##### Records to process

section \<open>Matroids (via independent sets) on the finite ground set UNIV of a finite type\<close>

definition matroid :: "('e::finite set \<Rightarrow> bool) \<Rightarrow> bool" where
  "matroid indep \<longleftrightarrow>
     indep {} \<and>
     (\<forall>I J. indep J \<and> I \<subseteq> J \<longrightarrow> indep I) \<and>
     (\<forall>I J. indep I \<and> indep J \<and> card I < card J \<longrightarrow> (\<exists>x\<in>J - I. indep (insert x I)))"

definition matroid_bases :: "('e::finite set \<Rightarrow> bool) \<Rightarrow> 'e set set" where
  "matroid_bases indep = {B. indep B \<and> (\<forall>I. indep I \<and> B \<subseteq> I \<longrightarrow> I = B)}"

definition indep_complex :: "('e::finite set \<Rightarrow> bool) \<Rightarrow> 'e set set" where
  "indep_complex indep = {I. indep I}"

definition charvec :: "'e::finite set \<Rightarrow> real ^ 'e" where
  "charvec S = (\<chi> i. if i \<in> S then 1 else 0)"

definition matroid_polytope :: "('e::finite set \<Rightarrow> bool) \<Rightarrow> (real ^ 'e) set" where
  "matroid_polytope indep = convex hull (charvec ` matroid_bases indep)"

definition complex_generated :: "'a set set \<Rightarrow> 'a set set" where
  "complex_generated Fs = {S. \<exists>F\<in>Fs. S \<subseteq> F}"

definition simplicial_facets :: "'a set set \<Rightarrow> 'a set set" where
  "simplicial_facets K = {F\<in>K. \<forall>G\<in>K. F \<subseteq> G \<longrightarrow> G = F}"

text \<open>A complex of finite sets is pure of dimension n-1 iff all its faces have at most n
  elements and every face lies in a face with exactly n elements.\<close>
definition pure_card :: "'a set set \<Rightarrow> nat \<Rightarrow> bool" where
  "pure_card K n \<longleftrightarrow> (\<forall>S\<in>K. card S \<le> n) \<and> (\<forall>S\<in>K. \<exists>T\<in>K. S \<subseteq> T \<and> card T = n)"

text \<open>Shelling order of a (pure, finite) simplicial complex K, given as a list of its facets.
  The dimension of K is Max (card ` K) - 1, so "one less" means faces of size Max(card ` K) - 1.\<close>
definition simplicial_shelling :: "'a set set \<Rightarrow> 'a set list \<Rightarrow> bool" where
  "simplicial_shelling K L \<longleftrightarrow>
     distinct L \<and> set L = simplicial_facets K \<and>
     (\<forall>j. 0 < j \<and> j < length L \<longrightarrow>
        pure_card (complex_generated (set (take j L)) \<inter> complex_generated {L ! j})
                  (Max (card ` K) - 1))"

##########

» **Exercise description**:
Exactly how many lines in the data above hold "dimension"? State that number only.

» **Task result**:
2